Et puis… et puis c’est à peu près tout.
Pire, les autres produits sont en… augmentation, malgré les mesures prises par l’industrie.
Ainsi, les biscuits qui se trouvaient en moyenne à 243 pg/kg sont aujourd’hui à 317 pg/kg. Idem pour les céréales du petit déjeuner, passées de 116 pg/kg à 156 pg/kg.
Un constat identique pour les frites, dont le taux moyen a fait un bon de 284 pg/kg à 350 pg/ kg. Un résultat fort décevant, remarque le rapport de l’EFSA, car « plusieurs fois au-dessus de ce qui semble atteignable en utilisant des pommes de terre à basse teneur en sucre et des températures plus basses pour le bain final ». En clair, sans vraiment oser l’écrire, l’auteur du rapport regrette, pour des raisons expliquées plus haut, que l’industrie de la frite, du fabricant au restaurant, ne se serve pas des outils à sa disposition.
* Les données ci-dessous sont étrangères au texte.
(* Let $n$ be a nonzero integer and let $\{a,b,c,d\}$ be a set of positive integers with the property $D(n)$ such that $|n|^3\le a<b<c<d$. Then \[ d>\frac{3.847\,bc}{n^2}. \]
   Context: A set of positive integers $S$ has the property $D(n)$ if $xy+n$ is a perfect square for all distinct $x,y\in S$. *)

theory Defs
  imports Complex_Main
begin

definition is_square :: "int \<Rightarrow> bool" where
  "is_square m \<longleftrightarrow> (\<exists>k::int. m = k^2)"

definition has_D :: "int \<Rightarrow> int set \<Rightarrow> bool" where
  "has_D n S \<longleftrightarrow> (\<forall>x\<in>S. x > 0) \<and> (\<forall>x\<in>S. \<forall>y\<in>S. x \<noteq> y \<longrightarrow> is_square (x*y + n))"

end

theory Submission
  imports Defs
begin

text \<open>Let \<open>t, y, z\<close> be the square roots of \<open>bc + n, bd + n, cd + n\<close> and put
  \<open>M = n(b + c + d) + 2bcd\<close>. Then \<open>b(M - 2tyz) + n\<^sup>2\<close> is a square, so \<open>2tyz \<le> M\<close> as soon as
  \<open>n\<^sup>2 < b\<close>, while \<open>M\<^sup>2 - 4(tyz)\<^sup>2 = n\<^sup>2((d - b - c)\<^sup>2 - 4(bc + n))\<close> shows that equality forces
  \<open>d = b + c \<plusminus> 2t\<close>. Only \<open>d = b + c + 2t\<close> is compatible with \<open>c < d\<close>, and it is excluded by \<open>a\<close>:
  with \<open>r, s\<close> the roots of \<open>ab + n, ac + n\<close>, the number \<open>ad + n\<close> lies strictly between
  \<open>(r + s - 1)\<^sup>2\<close> and \<open>(r + s + 1)\<^sup>2\<close> but differs from \<open>(r + s)\<^sup>2\<close>. Hence \<open>2tyz \<le> M - 1\<close>, and
  squaring gives \<open>4bcd \<le> n\<^sup>2d\<^sup>2 + 1\<close>, which is the claim up to the constant.\<close>

lemma is_square_nonneg_root:
  assumes "is_square m"
  obtains k :: int where "0 \<le> k" "m = k\<^sup>2"
proof -
  from assms obtain k where "m = k\<^sup>2" by (auto simp: is_square_def)
  then show thesis by (intro that[of "\<bar>k\<bar>"]) simp_all
qed

lemma abs_le_power2_int:
  fixes n :: int
  shows "\<bar>n\<bar> \<le> n\<^sup>2"
proof (cases "n = 0")
  case False
  then have "\<bar>n\<bar> * 1 \<le> \<bar>n\<bar> * \<bar>n\<bar>" by (intro mult_left_mono) auto
  then show ?thesis by (simp add: power2_eq_square abs_mult_self_eq)
qed simp

lemma square_between_consecutive_squares:
  fixes q x :: int
  assumes "0 \<le> q" and "(q - 1)\<^sup>2 < x\<^sup>2" and "x\<^sup>2 < (q + 1)\<^sup>2"
  shows "x\<^sup>2 = q\<^sup>2"
proof -
  have "\<bar>q - 1\<bar> < \<bar>x\<bar>" and "\<bar>x\<bar> < \<bar>q + 1\<bar>"
    using assms(2,3) by (meson abs_le_square_iff not_le)+
  then have "\<bar>x\<bar> = q" using assms(1) by linarith
  then show ?thesis by (metis power2_abs)
qed

lemma D_pair_root_ge:
  fixes n x y w :: int
  assumes "\<bar>n\<bar> \<le> x" and "x < y" and "x * y + n = w\<^sup>2" and "0 \<le> w"
  shows "x \<le> w"
proof (rule power2_le_imp_le)
  have "x * (x + 1) \<le> x * y" using assms(1,2) by (intro mult_left_mono) auto
  then show "x\<^sup>2 \<le> w\<^sup>2" using assms(1,3) by (simp add: power2_eq_square algebra_simps)
qed (fact assms(4))

lemma regular_extension_defect:
  fixes n a b c r s t :: int
  assumes n0: "n \<noteq> 0" and na: "\<bar>n\<bar> \<le> a" and ab: "a < b" and bc: "b < c"
    and r: "a * b + n = r\<^sup>2" and s: "a * c + n = s\<^sup>2" and t: "b * c + n = t\<^sup>2"
    and r0: "0 \<le> r" and s0: "0 \<le> s" and t0: "0 \<le> t"
  shows "\<bar>2 * (a * t - r * s) - n\<bar> < 2 * (r + s) - 1" and "2 * (a * t - r * s) \<noteq> n"
proof -
  define \<delta> where "\<delta> = a * t - r * s"
  define P where "P = a * t + r * s"
  define K where "K = a * (b + c - a) + n"
  have a1: "1 \<le> a" using n0 na by linarith
  have ra: "a \<le> r" using D_pair_root_ge[OF na ab r r0] .
  have sa: "a \<le> s" using D_pair_root_ge[OF na _ s s0] ab bc by simp
  have tb: "b \<le> t" using D_pair_root_ge[OF _ bc t t0] na ab by simp
  have \<delta>P: "\<delta> * P = - n * K"
  proof -
    have "\<delta> * P = a\<^sup>2 * t\<^sup>2 - r\<^sup>2 * s\<^sup>2"
      unfolding \<delta>_def P_def by (simp add: power2_eq_square algebra_simps)
    also have "\<dots> = - n * K"
      unfolding K_def r[symmetric] s[symmetric] t[symmetric] by (simp add: power2_eq_square algebra_simps)
    finally show ?thesis .
  qed
  have "0 \<le> a * (b - a)" and "c \<le> a * c" using a1 ab bc by simp_all
  then have K0: "0 < K" unfolding K_def using na ab bc by (simp add: algebra_simps)
  have "0 < a * t" and "0 \<le> r * s" using a1 tb ab r0 s0 by simp_all
  then have P0: "0 < P" unfolding P_def by simp
  have KL: "a * b + a * c + n = K + a * a" unfolding K_def by (simp add: algebra_simps)
  have "\<bar>n\<bar> * K < \<bar>n\<bar> * (K + a * a)" using n0 a1 by simp
  also have "\<dots> \<le> a * (K + a * a)" using na K0 by (intro mult_right_mono) simp_all
  also have "\<dots> = a * (a * b) + a * s\<^sup>2" unfolding KL[symmetric] s[symmetric] by (simp add: algebra_simps)
  also have "\<dots> \<le> a * (s * t) + r * s\<^sup>2"
    using a1 ra s0 mult_mono[OF sa tb] ab by (intro add_mono mult_left_mono mult_right_mono) auto
  also have "\<dots> = s * P" unfolding P_def by (simp add: power2_eq_square algebra_simps)
  finally have "\<bar>n\<bar> * K < s * P" .
  moreover have "\<bar>\<delta>\<bar> * P = \<bar>n\<bar> * K"
    using arg_cong[OF \<delta>P, of abs] P0 K0 by (simp add: abs_mult)
  ultimately have "\<bar>\<delta>\<bar> * P < s * P" by simp
  then have "\<bar>\<delta>\<bar> \<le> s - 1" using P0 by (simp add: mult_less_cancel_right)
  then show "\<bar>2 * (a * t - r * s) - n\<bar> < 2 * (r + s) - 1"
    using na ra r0 abs_triangle_ineq4[of "2 * \<delta>" n] unfolding \<delta>_def by simp
  show "2 * (a * t - r * s) \<noteq> n"
  proof
    assume n\<delta>: "2 * (a * t - r * s) = n"
    then have "\<delta> * P = \<delta> * (- 2 * K)" using \<delta>P unfolding \<delta>_def by simp
    moreover have "\<delta> \<noteq> 0" using n\<delta> n0 unfolding \<delta>_def by auto
    ultimately have "P = - 2 * K" by (rule mult_left_cancel[THEN iffD1, rotated])
    then show False using P0 K0 by simp
  qed
qed

lemma regular_extension_not_square:
  fixes n a b c r s t x :: int
  assumes "n \<noteq> 0" and "\<bar>n\<bar> \<le> a" and "a < b" and "b < c"
    and r: "a * b + n = r\<^sup>2" and s: "a * c + n = s\<^sup>2" and "b * c + n = t\<^sup>2"
    and r0: "0 \<le> r" and s0: "0 \<le> s" and "0 \<le> t"
  shows "a * (b + c + 2 * t) + n \<noteq> x\<^sup>2"
proof
  assume x: "a * (b + c + 2 * t) + n = x\<^sup>2"
  define w where "w = 2 * (a * t - r * s) - n"
  have x_split: "x\<^sup>2 = (r + s)\<^sup>2 + w"
    using x r s unfolding w_def by (simp add: power2_eq_square algebra_simps)
  have "\<bar>w\<bar> < 2 * (r + s) - 1" and "w \<noteq> 0"
    using regular_extension_defect[OF assms] unfolding w_def by simp_all
  moreover have "(r + s - 1)\<^sup>2 = (r + s)\<^sup>2 - (2 * (r + s) - 1)"
    and "(r + s + 1)\<^sup>2 = (r + s)\<^sup>2 + (2 * (r + s) - 1) + 2"
    by (simp_all add: power2_eq_square algebra_simps)
  ultimately have "(r + s - 1)\<^sup>2 < x\<^sup>2" and "x\<^sup>2 < (r + s + 1)\<^sup>2" and "x\<^sup>2 \<noteq> (r + s)\<^sup>2"
    using x_split unfolding abs_less_iff by linarith+
  moreover have "0 \<le> r + s" using r0 s0 by simp
  ultimately show False using square_between_consecutive_squares by blast
qed

lemma D_triple_product_identity:
  fixes n b c d t y z :: int
  assumes "b * c + n = t\<^sup>2" and "b * d + n = y\<^sup>2" and "c * d + n = z\<^sup>2"
  shows "(n * (b + c + d) + 2 * b * c * d)\<^sup>2 - 4 * (t * y * z)\<^sup>2
    = n\<^sup>2 * ((d - b - c)\<^sup>2 - 4 * (b * c + n))"
proof -
  have "(t * y * z)\<^sup>2 = (b * c + n) * (b * d + n) * (c * d + n)"
    using assms by (simp add: power_mult_distrib)
  then show ?thesis by (simp add: power2_eq_square algebra_simps)
qed

lemma D_triple_product_bound:
  fixes n b c d t y z :: int
  assumes nb: "n\<^sup>2 < b"
    and t: "b * c + n = t\<^sup>2" and y: "b * d + n = y\<^sup>2" and z: "c * d + n = z\<^sup>2"
  shows "2 * (t * y * z) \<le> n * (b + c + d) + 2 * b * c * d"
proof -
  define e where "e = n * (b + c + d) + 2 * b * c * d - 2 * (t * y * z)"
  have "(b * z - t * y)\<^sup>2 = b\<^sup>2 * z\<^sup>2 - 2 * b * (t * y * z) + t\<^sup>2 * y\<^sup>2"
    by (simp add: power2_eq_square algebra_simps)
  also have "\<dots> = b * e + n\<^sup>2"
    unfolding e_def t[symmetric] y[symmetric] z[symmetric] by (simp add: power2_eq_square algebra_simps)
  finally have "0 \<le> b * e + n\<^sup>2" by (metis zero_le_power2)
  then have "b * -1 < b * e" using nb by linarith
  moreover have "0 < b" using nb zero_le_power2[of n] by linarith
  ultimately have "-1 < e" by (simp only: mult_less_cancel_left_pos)
  then show ?thesis unfolding e_def by simp
qed

lemma D_triple_strict_product_bound:
  fixes n b c d t y z :: int
  assumes t: "b * c + n = t\<^sup>2" and y: "b * d + n = y\<^sup>2" and z: "c * d + n = z\<^sup>2"
    and "0 \<le> t" "0 \<le> y" "0 \<le> z"
    and less: "2 * (t * y * z) < n * (b + c + d) + 2 * b * c * d"
  shows "2 * (n * (b + c + d) + 2 * b * c * d) - 1 \<le> n\<^sup>2 * ((d - b - c)\<^sup>2 - 4 * (b * c + n))"
proof -
  define M where "M = n * (b + c + d) + 2 * b * c * d"
  have "(2 * (t * y * z))\<^sup>2 \<le> (M - 1)\<^sup>2"
    using less assms(4-6) unfolding M_def by (intro power_mono) simp_all
  then have "2 * M - 1 \<le> M\<^sup>2 - 4 * (t * y * z)\<^sup>2" by (simp add: power2_eq_square algebra_simps)
  then show ?thesis using D_triple_product_identity[OF t y z] unfolding M_def by simp
qed

lemma gap_inequality_imp_bound:
  fixes n b c d :: int
  assumes b0: "0 < b" and bc: "b < c" and cd: "c < d" and bcn_pos: "0 < b * c + n"
    and gap: "2 * (n * (b + c + d) + 2 * b * c * d) - 1 \<le> n\<^sup>2 * ((d - b - c)\<^sup>2 - 4 * (b * c + n))"
  shows "4 * b * c * d \<le> n\<^sup>2 * d\<^sup>2 + 1"
proof -
  \<comment> \<open>\<open>(d - b - c)\<^sup>2 = d\<^sup>2 - uv\<close> and \<open>2(b + c + d) = 3u + v\<close>; the linear terms in \<open>n\<close> are
    absorbed using \<open>(u - 1)(v - 3) \<ge> 0\<close> and \<open>\<bar>n\<bar> \<le> n\<^sup>2\<close>.\<close>
  define u v where "u = b + c" and "v = 2 * d - b - c"
  have u1: "1 \<le> u" and v3: "3 \<le> v" using b0 bc cd unfolding u_def v_def by simp_all
  note n_le = abs_le_power2_int[of n]
  have "0 \<le> (u - 1) * (v - 3)" using u1 v3 by simp
  then have "3 * u + v - 3 \<le> u * v" by (simp add: algebra_simps)
  then have uv: "\<bar>n\<bar> * (3 * u + v) - 3 * \<bar>n\<bar> \<le> n\<^sup>2 * (u * v)"
    using n_le mult_mono[of "\<bar>n\<bar>" "n\<^sup>2" "3 * u + v - 3" "u * v"] u1 v3
    by (simp add: algebra_simps)
  have bcn: "\<bar>n\<bar> \<le> n\<^sup>2 * (b * c + n)"
    using n_le mult_mono[of "\<bar>n\<bar>" "n\<^sup>2" 1 "b * c + n"] bcn_pos by simp
  have "\<bar>n * (3 * u + v)\<bar> = \<bar>n\<bar> * (3 * u + v)" using u1 v3 by (simp add: abs_mult)
  then have sign: "- (n * (3 * u + v)) \<le> \<bar>n\<bar> * (3 * u + v)"
    using abs_ge_minus_self[of "n * (3 * u + v)"] by linarith
  have "2 * (n * (b + c + d) + 2 * b * c * d) - 1 = n * (3 * u + v) + 4 * b * c * d - 1"
    unfolding u_def v_def by (simp add: algebra_simps)
  moreover have "n\<^sup>2 * ((d - b - c)\<^sup>2 - 4 * (b * c + n))
      = n\<^sup>2 * d\<^sup>2 - n\<^sup>2 * (u * v) - 4 * (n\<^sup>2 * (b * c + n))"
    unfolding u_def v_def by (simp add: power2_eq_square algebra_simps)
  ultimately show ?thesis using gap uv bcn sign by linarith
qed

lemma D_triple_irregular_bound:
  fixes n b c d t y z :: int
  assumes n0: "n \<noteq> 0" and nb: "n\<^sup>2 < b" and bc: "b < c" and cd: "c < d"
    and t: "b * c + n = t\<^sup>2" and y: "b * d + n = y\<^sup>2" and z: "c * d + n = z\<^sup>2"
    and t0: "0 \<le> t" and y0: "0 \<le> y" and z0: "0 \<le> z"
    and irregular: "d \<noteq> b + c + 2 * t"
  shows "4 * b * c * d \<le> n\<^sup>2 * d\<^sup>2 + 1"
proof -
  have b0: "0 < b" and "\<bar>n\<bar> \<le> b" using nb abs_le_power2_int[of n] by linarith+
  then have tb: "b \<le> t" using D_pair_root_ge[OF _ bc t t0] by simp
  have "2 * (t * y * z) \<noteq> n * (b + c + d) + 2 * b * c * d"
  proof
    assume eq: "2 * (t * y * z) = n * (b + c + d) + 2 * b * c * d"
    have "(n * (b + c + d) + 2 * b * c * d)\<^sup>2 = 4 * (t * y * z)\<^sup>2"
      unfolding eq[symmetric] by (simp add: power_mult_distrib)
    then have "n\<^sup>2 * ((d - b - c)\<^sup>2 - 4 * (b * c + n)) = 0"
      using D_triple_product_identity[OF t y z] by simp
    then have "(d - b - c)\<^sup>2 = (2 * t)\<^sup>2" using n0 t by (simp add: power_mult_distrib)
    then have "d - b - c = 2 * t \<or> d - b - c = - (2 * t)" by (simp only: power2_eq_iff)
    then show False using irregular cd tb b0 by (elim disjE) linarith+
  qed
  then have "2 * (t * y * z) < n * (b + c + d) + 2 * b * c * d"
    using D_triple_product_bound[OF nb t y z] by simp
  moreover have "0 < b * c + n" using t tb b0 by simp
  ultimately show ?thesis
    using D_triple_strict_product_bound[OF t y z t0 y0 z0] gap_inequality_imp_bound[OF b0 bc cd]
    by simp
qed

lemma product_bound_imp_ratio_bound:
  fixes n b c d :: int
  assumes n0: "n \<noteq> 0" and b2: "2 \<le> b" and bc: "b < c" and cd: "c < d"
    and bound: "4 * b * c * d \<le> n\<^sup>2 * d\<^sup>2 + 1"
  shows "real_of_int d > 3.847 * real_of_int b * real_of_int c / real_of_int n ^ 2"
proof -
  have "2 * 3 \<le> b * c" using b2 bc by (intro mult_mono) auto
  then have "2 * 3 * 4 \<le> b * c * d" using b2 bc cd by (intro mult_mono) auto
  then have "real_of_int 24 \<le> real_of_int (b * c * d)" by (simp only: of_int_le_iff)
  moreover have "real_of_int (4 * b * c * d) \<le> real_of_int (n\<^sup>2 * d\<^sup>2 + 1)"
    using bound by (simp only: of_int_le_iff)
  ultimately have "(3.847 * real_of_int b * real_of_int c) * real_of_int d
      < (real_of_int n ^ 2 * real_of_int d) * real_of_int d"
    by (simp add: power2_eq_square)
  then have "3.847 * real_of_int b * real_of_int c < real_of_int n ^ 2 * real_of_int d"
    using b2 bc cd by (simp only: mult_less_cancel_right_pos of_int_pos)
  then show ?thesis using n0 by (simp add: divide_less_eq mult.commute)
qed

theorem lemma4:
  fixes n a b c d :: int
  assumes "n \<noteq> 0"
    and "has_D n {a, b, c, d}"
    and "\<bar>n\<bar>^3 \<le> a" and "a < b" and "b < c" and "c < d"
  shows "real_of_int d > 3.847 * real_of_int b * real_of_int c / real_of_int n ^ 2"
proof -
  note n0 = assms(1) and ab = assms(4) and bc = assms(5) and cd = assms(6)
  have "\<bar>n\<bar> ^ 2 \<le> \<bar>n\<bar> ^ 3" using n0 by (intro power_increasing) auto
  then have na: "\<bar>n\<bar> \<le> a" and nb: "n\<^sup>2 < b" using abs_le_power2_int[of n] assms(3) ab by simp_all
  have sq: "is_square (x * y + n)" if "x \<in> {a, b, c, d}" "y \<in> {a, b, c, d}" "x \<noteq> y" for x y
    using assms(2) that unfolding has_D_def by blast
  obtain r where r: "a * b + n = r\<^sup>2" "0 \<le> r" using sq[of a b] ab by (auto elim: is_square_nonneg_root)
  obtain s where s: "a * c + n = s\<^sup>2" "0 \<le> s" using sq[of a c] ab bc by (auto elim: is_square_nonneg_root)
  obtain t where t: "b * c + n = t\<^sup>2" "0 \<le> t" using sq[of b c] bc by (auto elim: is_square_nonneg_root)
  obtain y where y: "b * d + n = y\<^sup>2" "0 \<le> y" using sq[of b d] bc cd by (auto elim: is_square_nonneg_root)
  obtain z where z: "c * d + n = z\<^sup>2" "0 \<le> z" using sq[of c d] cd by (auto elim: is_square_nonneg_root)
  obtain x where "a * d + n = x\<^sup>2" using sq[of a d] ab bc cd by (auto elim: is_square_nonneg_root)
  then have irregular: "d \<noteq> b + c + 2 * t"
    using regular_extension_not_square[OF n0 na ab bc r(1) s(1) t(1) r(2) s(2) t(2)] by auto
  have b2: "2 \<le> b" using n0 nb zero_less_power2[of n] by linarith
  show ?thesis
    by (rule product_bound_imp_ratio_bound[OF n0 b2 bc cd
          D_triple_irregular_bound[OF n0 nb bc cd t(1) y(1) z(1) t(2) y(2) z(2) irregular]])
qed

end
Des recettes que, pourtant, elle avait déclaré vouloir appliquer volontairement.
Résumons.
Si l’EFSA, avec certaines réserves, conclut à une orientation vers la baisse, l’information mérite des précisions.
Le rapport se sert de trois produits pour justifier cette conclusion : les chips, le café et le pain.
Si, pour ce dernier, la tendance est réelle, elle est minime pour les chips et statistiquement faussée pour le café.
Ne l’oublions pas aussi, malgré la toolbox, les autres aliments connaissent un taux à la hausse. Un résultat d’autant plus troublant qu’en fin de rapport l’EFSA indique que notre exposition à l’acrylamide provient, à 80-100 %, d’un groupe d’aliments composé des chips (légère baisse), des frites (hausse), du pain (baisse), du café (impossibilité technique de faire baisser le taux d’acrylamide du fait de la torréfaction) et des biscuits (hausse).
Le rapport contient en outre une ultime pépite. Dans ses premières pages, il liste les contributions pays par pays à son enquête de surveillance de taux d’acrylamide. Première chose effarante : la disparité dans la collecte des échantillons. Alors que l’Allemagne – où depuis longtemps les questions environnementales et alimentaires sont une priorité – a fourni 2 048 échantillons, l’Espagne s’est satisfaite de 25. Une disparité qui rend la réalisation d’une statistique globale bien compliquée et difficilement fiable. Comment comparer le taux d’acrylamide des chips belges à celui de la Norvège alors que ce pays a fourni 28 échantillons du produit quand Bruxelles s’en contentait de 4 ?
Enfin, un autre détail a attiré mon attention dans cette liste de 22 pays.
Ou devrais-je plutôt dire une absence ?
Impossible d’y trouver la France.
1. L’Afssa, en 2005, avait effectué « une évaluation de l’exposition de la population française à partir de produits consommés en France » et conclu qu’elle « est dans les mêmes ordres de grandeur » que l’estimation de l’OMS. L’agence précise aussi que « les aliments les plus contributeurs restent les frites et les viennoiseries, notamment chez les enfants » mais déplore qu’« en l’état actuel des connaissances, il n’est pas possible de faire des recommandations particulières de préparation ou de consommation alimentaire ».
La suite (limite choquante de la complaisance des structures de sécurité alimentaire, pour ne pas employer le terme d’incompétence) …..demain.
Dr BUENOS : on retient surtout 2 choses des éléments de l’enquête de William Reymond sur l’acrylamide :
– un conseil pratique :
- ne pas acheter chips ni de frites surgelées du commerce chaque fois que possible.
- Quand on fait des frites, éviter les bains d’huile trop chaude, et les variétés de pomme de terre trop sucrées.
– une constatation récurrente : les autorités sanitaires de sécurité alimentaire n’ont pas les moyens, l’autonomie, ni l’indépendance suffisants pour émettre des recommandations et surtout être à l’origine de lois interdisant les produits industriels « toxiques ».